Task objective —
Check each line of the data for "unfolding" and select those that have it.

Saved data entries:
lemma prefix_sum_residues_inj_on:
  fixes as bs :: "int list"
  assumes minimal: "minimal_zero_sum_seq (mset as + image_mset uminus (mset bs))"
    and as_pos: "\<forall>x\<in>set as. 0 < x" and bs_pos: "\<forall>x\<in>set bs. 0 < x"
  shows "inj_on (\<lambda>(i, j). (sum_list (take i as) - sum_list (take j bs)) mod sum_list as)
    ({..<length as} \<times> {..<length bs})"
proof (rule inj_onI, clarsimp)
  fix i j i' j'
  assume i: "i < length as" "i' < length as" and j: "j < length bs" "j' < length bs"
    and eq: "(sum_list (take i as) - sum_list (take j bs)) mod sum_list as
      = (sum_list (take i' as) - sum_list (take j' bs)) mod sum_list as"
  have "sum_list as - sum_list bs = 0"
    using minimal by (simp add: minimal_zero_sum_seq_def sum_mset_image_uminus sum_mset_sum_list)
  then have \<sigma>: "sum_list bs = sum_list as"
    by simp
  have "(sum_list (take i as) - sum_list (take i' as)) mod sum_list as
      = (sum_list (take j bs) - sum_list (take j' bs)) mod sum_list bs"
    using eq unfolding \<sigma> by (simp add: mod_eq_dvd_iff algebra_simps)
  moreover obtain T where T: "T \<subseteq># mset as" "T \<noteq> mset as"
    and sum_T: "sum_mset T = (sum_list (take i as) - sum_list (take i' as)) mod sum_list as"
    and T_empty: "T = {#} \<Longrightarrow> i = i'"
    using proper_submset_with_sum_prefix_sum_diff_mod[OF as_pos i] by blast
  moreover obtain U where U: "U \<subseteq># mset bs" "U \<noteq> mset bs"
    and sum_U: "sum_mset U = (sum_list (take j bs) - sum_list (take j' bs)) mod sum_list bs"
    and U_empty: "U = {#} \<Longrightarrow> j = j'"
    using proper_submset_with_sum_prefix_sum_diff_mod[OF bs_pos j] by blast
  ultimately have "sum_mset T + sum_mset (image_mset uminus U) = 0"
    by (simp add: sum_mset_image_uminus)
  moreover have "image_mset uminus U \<subseteq># image_mset uminus (mset bs)"
    using U(1) by (rule image_mset_subseteq_mono)
  ultimately have "T + image_mset uminus U = {#}"
    using minimal_zero_sum_seq_zero_sum_submset[OF minimal T(1)] T(2) by blast
  then show "i = i' \<and> j = j'"
    using T_empty U_empty by simp
qed

lemma minimal_zero_sum_seq_size_mult_le:
  fixes P N :: "int multiset"
  assumes minimal: "minimal_zero_sum_seq (P + N)"
    and P_pos: "\<forall>x\<in>#P. 0 < x" and N_neg: "\<forall>x\<in>#N. x < 0"
  shows "int (size P * size N) \<le> sum_mset P"
proof (cases "P = {#}")
  case False
  obtain as where as: "mset as = P"
    using ex_mset by blast
  obtain bs where bs: "mset bs = image_mset uminus N"
    using ex_mset by blast
  have N: "image_mset uminus (mset bs) = N"
    unfolding bs by (simp add: multiset.map_comp comp_def)
  have as_pos: "\<forall>x\<in>set as. 0 < x" and bs_pos: "\<forall>x\<in>set bs. 0 < x"
    using P_pos N_neg as[symmetric] N[symmetric] by auto
  have \<sigma>: "sum_list as = sum_mset P" and "0 < sum_mset P"
    using as sum_mset_pos[OF P_pos False] by (auto simp: sum_mset_sum_list[symmetric])
  let ?f = "\<lambda>(i, j). (sum_list (take i as) - sum_list (take j bs)) mod sum_list as"
  have "inj_on ?f ({..<length as} \<times> {..<length bs})"
    using prefix_sum_residues_inj_on[OF _ as_pos bs_pos] minimal as N by simp
  moreover have "?f ` ({..<length as} \<times> {..<length bs}) \<subseteq> {0..<sum_mset P}"
    using \<open>0 < sum_mset P\<close> \<sigma> by auto
  ultimately have "card ({..<length as} \<times> {..<length bs}) \<le> card {0..<sum_mset P}"
    by (intro card_inj_on_le) simp_all
  moreover have "size P = length as" and "size N = length bs"
    using as N[symmetric] by auto
  ultimately have "size P * size N \<le> nat (sum_mset P)"
    by (simp add: card_cartesian_product)
  then show ?thesis
    using \<open>0 < sum_mset P\<close> le_nat_iff by simp
qed simp

lemma minimal_zero_sum_seq_signed_parts_nonempty:
  fixes P N :: "int multiset"
  assumes minimal: "minimal_zero_sum_seq (P + N)"
    and P_pos: "\<forall>x\<in>#P. 0 < x" and N_neg: "\<forall>x\<in>#N. x < 0"
  shows "P \<noteq> {#}" and "N \<noteq> {#}"
proof -
  have zero: "sum_mset P = sum_mset (image_mset uminus N)"
    using minimal by (simp add: minimal_zero_sum_seq_def sum_mset_image_uminus)
  have N_pos: "\<forall>x\<in>#image_mset uminus N. 0 < x"
    using N_neg by auto
  have "P + N \<noteq> {#}"
    using minimal by (simp add: minimal_zero_sum_seq_def)
  then show "P \<noteq> {#}" and "N \<noteq> {#}"
    using zero sum_mset_pos[OF P_pos] sum_mset_pos[OF N_pos] by auto
qed

lemma le_floor_divide_of_mult_le:
  assumes "0 < q" and "int (p * q) \<le> s"
  shows "int p \<le> \<lfloor>real_of_int s / real q\<rfloor>"
proof -
  have "real p * real q \<le> real_of_int s"
    using assms(2) by (metis of_int_le_iff of_int_of_nat_eq of_nat_mult)
  then show ?thesis
    using assms(1) by (simp add: le_floor_iff pos_le_divide_eq)
qed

Solution for this problem —
    using eq unfolding \<sigma> by (simp add: mod_eq_dvd_iff algebra_simps)
    unfolding bs by (simp add: multiset.map_comp comp_def)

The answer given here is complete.